Bands like these are designed to show an individual their calorie shed, steps they have taken, and some can even record your sleep. When they are on for more than they are accessible to, they can easily mis record your sleep patterns, causing you to feel less energized, and calorie shed, which can lead you to believe you have burned less calories.  A big one for especially members of my own family are the step trackers. The article discusses that the mental aspect of it is that one can look down at their tracker and say, “Oh I have taken 1,000 steps today I am losing a lot of weight,” when in actuality that leads to the individual then not getting up and actually working out.

By then not working out, your body stays at the current state it is at and many people then have the impression they can eat whatever they want. I know this has happened to me multiple times. I have gone out and gotten a tracking watch that I figured would be worth it because it would ultimately help me lose weight and become fit but in reality, it didn’t help all that much and I spent more money than I wanted to.

The main take away that I received was trackers are not necessarily going to give you the best results you want. I personally don’t think it is worth it to spend $149 plus tax to get a gadget that in the long run won’t help me and that I will again have to replace in a shorter period of time because of overuse.

Another fitness tracker that goes along with the same idea of this article are the apps that are designed for the iPhone or any other smart phone. I personally have tried an app called “Lose It!” It is free on the App Store through Apple and it has an interesting set up.

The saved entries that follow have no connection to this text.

lemma integrable_U_cookie_sq: "integrable (cookie_space p) (\<lambda>\<omega>. (real (U_cookie x \<omega>))\<^sup>2)"
proof -
  have mono: "mono (\<lambda>n. (real (fst (stopped_walk x n \<omega>)))\<^sup>2)" for \<omega>
    using incseq_stopped_walk_successes[of x \<omega>] by (auto simp: mono_def incseq_def power_mono)
  have "incseq (\<lambda>n. expectation (\<lambda>\<omega>. (real (fst (stopped_walk x n \<omega>)))\<^sup>2))"
    using mono by (auto simp: incseq_def mono_def intro!: integral_mono integrable_stopped_walk)
  then obtain L where L: "(\<lambda>n. expectation (\<lambda>\<omega>. (real (fst (stopped_walk x n \<omega>)))\<^sup>2)) \<longlonglongrightarrow> L"
    using expectation_successes_sq_le by (meson incseq_convergent)
  show ?thesis
  proof (rule integrable_monotone_convergence[OF integrable_stopped_walk AE_I2[OF mono] _ L])
    show "AE \<omega> in cookie_space p. (\<lambda>n. (real (fst (stopped_walk x n \<omega>)))\<^sup>2) \<longlonglongrightarrow> (real (U_cookie x \<omega>))\<^sup>2"
      using AE_eventually_stopped_walk_eq[of x]
      by eventually_elim (intro tendsto_eventually, elim eventually_mono, simp)
  qed measurable
qed

lemma expectation_U_cookie_bound:
  assumes "1 \<le> x"
  shows "\<bar>expectation (\<lambda>\<omega>. (real (U_cookie x \<omega>) - real x)\<^sup>2) - 2 * real x\<bar>
    \<le> error_constant * sqrt (real x)"
proof -
  define g where "g n \<omega> = (case stopped_walk x n \<omega> of (s, f) \<Rightarrow> (real s - real f)\<^sup>2 - 2 * real f)"
    for n \<omega>
  define h where "h \<omega> = (real (U_cookie x \<omega>) - real x)\<^sup>2 - 2 * real x" for \<omega>
  have lim: "AE \<omega> in cookie_space p. (\<lambda>n. g n \<omega>) \<longlonglongrightarrow> h \<omega>"
    using AE_eventually_stopped_walk_eq[of x]
    by eventually_elim (intro tendsto_eventually, elim eventually_mono, simp add: g_def h_def)
  have bound: "AE \<omega> in cookie_space p. norm (g n \<omega>) \<le> (real (U_cookie x \<omega>))\<^sup>2 + (real x)\<^sup>2 + 2 * real x"
    for n
    using AE_eventually_stopped_walk_eq[of x]
  proof eventually_elim
    case (elim \<omega>)
    show ?case
      using abs_position_sq_le[OF stopped_walk_successes_le[OF elim] stopped_walk_failures_le]
      by (simp add: g_def case_prod_beta)
  qed
  have int_h: "integrable (cookie_space p) h" and conv: "(\<lambda>n. expectation (g n)) \<longlonglongrightarrow> expectation h"
    using integrable_U_cookie_sq
    by (auto intro!: integrable_dominated_convergence[OF _ _ _ lim bound]
        integral_dominated_convergence[OF _ _ _ lim bound] simp: g_def h_def)
  have "integrable (cookie_space p) (\<lambda>\<omega>. h \<omega> + 2 * real x)"
    using int_h by (intro Bochner_Integration.integrable_add) simp_all
  then have "expectation h = expectation (\<lambda>\<omega>. (real (U_cookie x \<omega>) - real x)\<^sup>2) - 2 * real x"
    unfolding h_def by (subst Bochner_Integration.integral_diff) auto
  moreover have "\<bar>expectation h\<bar> \<le> error_constant * sqrt (real x)"
    using expectation_position_sq_bound[OF assms]
    by (intro LIMSEQ_le_const2[OF tendsto_rabs[OF conv]]) (simp add: g_def[abs_def])
  ultimately show ?thesis
    by simp
qed

lemma nu_cookie_bound:
  assumes "1 \<le> x"
  shows "\<bar>nu_cookie p x - 2\<bar> \<le> error_constant / sqrt (real x)"
proof -
  have "\<bar>nu_cookie p x - 2\<bar>
      = \<bar>expectation (\<lambda>\<omega>. (real (U_cookie x \<omega>) - real x)\<^sup>2) - 2 * real x\<bar> / real x"
    using assms by (simp add: nu_cookie_def field_simps)
  also have "\<dots> \<le> error_constant * sqrt (real x) / real x"
    using expectation_U_cookie_bound[OF assms] by (simp add: divide_right_mono)
  also have "\<dots> = error_constant / (real x / sqrt (real x))"
    by (simp only: divide_divide_eq_right)
  also have "\<dots> = error_constant / sqrt (real x)"
    by (simp add: real_div_sqrt)
  finally show ?thesis .
qed

end

lemma tendsto_of_inverse_sqrt_rate:
  fixes u :: "nat \<Rightarrow> real"
  assumes "\<forall>\<^sub>F x in at_top. \<bar>u x - a\<bar> \<le> C / sqrt (real x)"
  shows "(u \<longlongrightarrow> a) at_top"
proof -
  have "((\<lambda>x. C / sqrt (real x)) \<longlongrightarrow> 0) at_top"
    by (intro tendsto_divide_0[OF tendsto_const] filterlim_at_top_imp_at_infinity
        filterlim_compose[OF sqrt_at_top filterlim_real_sequentially])
  then have "((\<lambda>x. u x - a) \<longlongrightarrow> 0) at_top"
    by (rule Lim_null_comparison[OF assms[unfolded real_norm_def[symmetric]]])
  then show ?thesis
    by (simp add: LIM_zero_iff)
qed

lemma inverse_sqrt_rate_le_log_rate:
  fixes u :: "nat \<Rightarrow> real"
  assumes "0 \<le> C" and "\<forall>\<^sub>F x in at_top. \<bar>u x - a\<bar> \<le> C / sqrt (real x)"
  shows "\<forall>\<^sub>F x in at_top. \<bar>u x - a\<bar> \<le> C * ln (real x) ^ k / sqrt (real x)"
  using assms(2) eventually_ge_at_top[of "3::nat"]
proof eventually_elim
  case (elim x)
  have "exp 1 \<le> real x"
    using exp_le elim(2) by linarith
  then have "1 \<le> ln (real x)"
    using ln_mono[of "exp 1" "real x"] by simp
  then have "C \<le> C * ln (real x) ^ k"
    using assms(1) one_le_power[of "ln (real x)" k] by (simp add: mult_le_cancel_left1)
  then have "C / sqrt (real x) \<le> C * ln (real x) ^ k / sqrt (real x)"
    by (simp add: divide_right_mono)
  with elim(1) show ?case
    by linarith
qed

theorem lemma4p2:
  fixes p :: "nat \<Rightarrow> real"
  assumes "\<And>i. 1/2 \<le> p i" and "\<And>i. p i < 1"
    and "summable (\<lambda>i. 2 * p i - 1)"
  shows "(nu_cookie p \<longlongrightarrow> 2) at_top
    \<and> (\<exists>C. \<forall>\<^sub>F x in at_top.
          \<bar>nu_cookie p x - 2\<bar> \<le> C * ln (real x) ^ 4 / sqrt (real x))"
proof -
  interpret finite_drift_environment p
    using assms by unfold_locales (auto simp: drift_def[abs_def] intro: order.trans[of _ "1/2"] less_imp_le)
  have rate: "\<forall>\<^sub>F x in at_top. \<bar>nu_cookie p x - 2\<bar> \<le> error_constant / sqrt (real x)"
    using eventually_ge_at_top[of "1::nat"] by eventually_elim (rule nu_cookie_bound)
  have "0 \<le> error_constant"
    using total_drift_nonneg by simp
  then show ?thesis
    using tendsto_of_inverse_sqrt_rate[OF rate] inverse_sqrt_rate_le_log_rate[OF _ rate] by blast
qed

end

image This is the basic look of the app when you are going to download it. Once you have downloaded it, you go through a process where you put in your weight, your gender, and how much weight you want to lose or what weight you want to maintain.

Once all of that is done, then the page will look like this:

image-2It shows you your log for the day and what type of calorie “budget” you have then you can get started adding in foods you ate and what exercises you have done for the day (or lack there of).

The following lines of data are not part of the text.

lemma sum_sqrt_overlaps_le_sqrt_card:
  fixes a :: "'a \<Rightarrow> real" and b :: "'a set \<Rightarrow> 'a \<Rightarrow> real"
  assumes fin: "finite F" "\<forall>B\<in>F. finite B" and dis: "disjoint F"
    and a: "\<forall>i\<in>\<Union>F. 0 \<le> a i" "sum a (\<Union>F) \<le> 1"
    and b: "\<forall>B\<in>F. \<forall>i\<in>B. 0 \<le> b B i" "\<forall>B\<in>F. sum (b B) B \<le> 1"
  shows "(\<Sum>B\<in>F. \<Sum>i\<in>B. sqrt (a i * b B i)) \<le> sqrt (card F)"
proof (cases "F = {}")
  case False
  define t where "t = sqrt (card F)"
  have t: "0 < t" "t * t = card F"
    using fin False by (simp_all add: t_def card_gt_0_iff)
  \<comment> \<open>The scale t balances the two mass bounds, 1 for a and card F for b.\<close>
  have "(\<Sum>B\<in>F. \<Sum>i\<in>B. sqrt (a i * b B i)) \<le> (\<Sum>B\<in>F. \<Sum>i\<in>B. (t * a i + b B i / t) / 2)"
    using a(1) b(1) t(1) by (intro sum_mono sqrt_mult_le_scaled_mean) auto
  also have "\<dots> = (t * (\<Sum>B\<in>F. \<Sum>i\<in>B. a i) + (\<Sum>B\<in>F. sum (b B) B) / t) / 2"
    by (simp add: sum.distrib sum_distrib_left flip: sum_divide_distrib)
  also have "(\<Sum>B\<in>F. \<Sum>i\<in>B. a i) = sum a (\<Union>F)"
    using sum.Union_disjoint[of F a] fin dis by (simp add: disjoint_def)
  also have "(t * sum a (\<Union>F) + (\<Sum>B\<in>F. sum (b B) B) / t) / 2 \<le> (t * 1 + card F / t) / 2"
    using a(2) b(2) t(1) sum_mono[of F "\<lambda>B. sum (b B) B" "\<lambda>_. 1"]
    by (intro divide_right_mono add_mono mult_left_mono) auto
  also have "\<dots> = t"
    using t by (simp add: field_simps)
  finally show ?thesis by (simp add: t_def)
qed simp

lemma exists_block_small_overlap:
  fixes a :: "'a \<Rightarrow> real" and b :: "'a set \<Rightarrow> 'a \<Rightarrow> real"
  assumes "finite F" "F \<noteq> {}" "\<forall>B\<in>F. finite B" "disjoint F"
    and "\<forall>i\<in>\<Union>F. 0 \<le> a i" "sum a (\<Union>F) \<le> 1"
    and "\<forall>B\<in>F. \<forall>i\<in>B. 0 \<le> b B i" "\<forall>B\<in>F. sum (b B) B \<le> 1"
  shows "\<exists>B\<in>F. (\<Sum>i\<in>B. sqrt (a i * b B i)) \<le> 1 / sqrt (card F)"
proof (rule ccontr)
  assume "\<not> ?thesis"
  then have "(\<Sum>B\<in>F. 1 / sqrt (card F)) < (\<Sum>B\<in>F. \<Sum>i\<in>B. sqrt (a i * b B i))"
    using assms(1,2) by (intro sum_strict_mono) auto
  moreover have "(\<Sum>B\<in>F. 1 / sqrt (card F)) = sqrt (card F)"
    using assms(1,2) by (simp add: card_gt_0_iff real_div_sqrt)
  ultimately show False
    using sum_sqrt_overlaps_le_sqrt_card[of F a b] assms by simp
qed

lemma prob_family_nonneg: "prob_family n p \<Longrightarrow> length x = n \<Longrightarrow> i < n \<Longrightarrow> 0 \<le> p x i"
  by (simp add: prob_family_def)

lemma prob_family_sum_le_1:
  assumes "prob_family n p" "length x = n" "A \<subseteq> {..<n}"
  shows "sum (p x) A \<le> 1"
proof -
  have "sum (p x) A \<le> (\<Sum>i<n. p x i)"
    using assms prob_family_nonneg[OF assms(1,2)] by (intro sum_mono2) auto
  with assms(1,2) show ?thesis
    by (simp add: prob_family_def)
qed

lemma exists_flipped_block_small_overlap:
  assumes p: "prob_family n p" and x: "length x = n"
    and F: "F \<noteq> {}" "disjoint F" "\<forall>B\<in>F. B \<subseteq> {..<n}"
  shows "\<exists>B\<in>F. (\<Sum>i\<in>B. sqrt (p x i * p (flip_bits B x) i)) \<le> 1 / sqrt (card F)"
proof (rule exists_block_small_overlap)
  show "finite F" "\<forall>B\<in>F. finite B"
    using F(3) by (auto intro: finite_subset[of F "Pow {..<n}"] finite_subset)
  show "\<forall>i\<in>\<Union>F. 0 \<le> p x i" "\<forall>B\<in>F. \<forall>i\<in>B. 0 \<le> p (flip_bits B x) i"
    using F(3) x by (auto intro!: prob_family_nonneg[OF p])
  show "sum (p x) (\<Union>F) \<le> 1" "\<forall>B\<in>F. sum (p (flip_bits B x)) B \<le> 1"
    using F(3) x by (auto intro!: prob_family_sum_le_1[OF p])
qed (use F in auto)

lemma ennreal_le_inverse_ennreal:
  fixes c s :: real
  assumes "0 \<le> s" "0 < c" "s \<le> inverse c"
  shows "ennreal c \<le> inverse (ennreal s)"
proof (cases "s = 0")
  case False
  with assms have "inverse (inverse c) \<le> inverse s"
    by (intro le_imp_inverse_le) auto
  with assms False show ?thesis
    by (simp add: inverse_ennreal)
qed simp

The app uses many different ways to try and find out what food you are specifically eating so that it can track the amount of calories to the T. The feature that I found that did this the best is the barcode. You can pull up the barcode feature and scan the barcode that is one the item of food you have purchased from the store and it will tell you what the calorie count is from whether you ate half the can of corn or the whole loaf of bread (I promise I didn’t do this even though I love bread).

Here is what the barcode feature looks like:

image-5image-6

 

The biggest thing I learned about this app: it is extremely disheartening. You can look at your favorite unhealthy food like a frozen pizza and see that one slice holds 1,245 calories and you realize you shouldn’t be eating it very often. This is problematic for me because frozen pizzas are not only delicious and one of my favorite foods, but they are also very cheap. You can get a Jack’s brand pizza at the store for around $2-$3. But once I saw the calorie count I was then unsure of how I should approach the next step.

The other thing I found with this app is that it does have the set amount of calories you should be consuming for the day and that should make you want to eat more healthy types of foods, but it also gave me a chance to be sneaky about how I stayed in my budget. I felt like sometimes I could eat whatever I wanted like chips and salsa as long as I played around with how many chips I should be counting out of the bag to get the smallest amount of calories. It is like the other fitness trackers, it’s a mental thing.

While yes, the app is free, as are many other fitness food tracking apps, it’s not worth it. It is more important to just make foods that you know are healthy instead of wasting all that time counting calories and finding out ways to “cheat the system” to be able to buy foods that are unhealthy. The biggest upside to this app was that it was an eye opener for me-it gave me a chance to see that I should move towards a healthier lifestyle through food and exercise.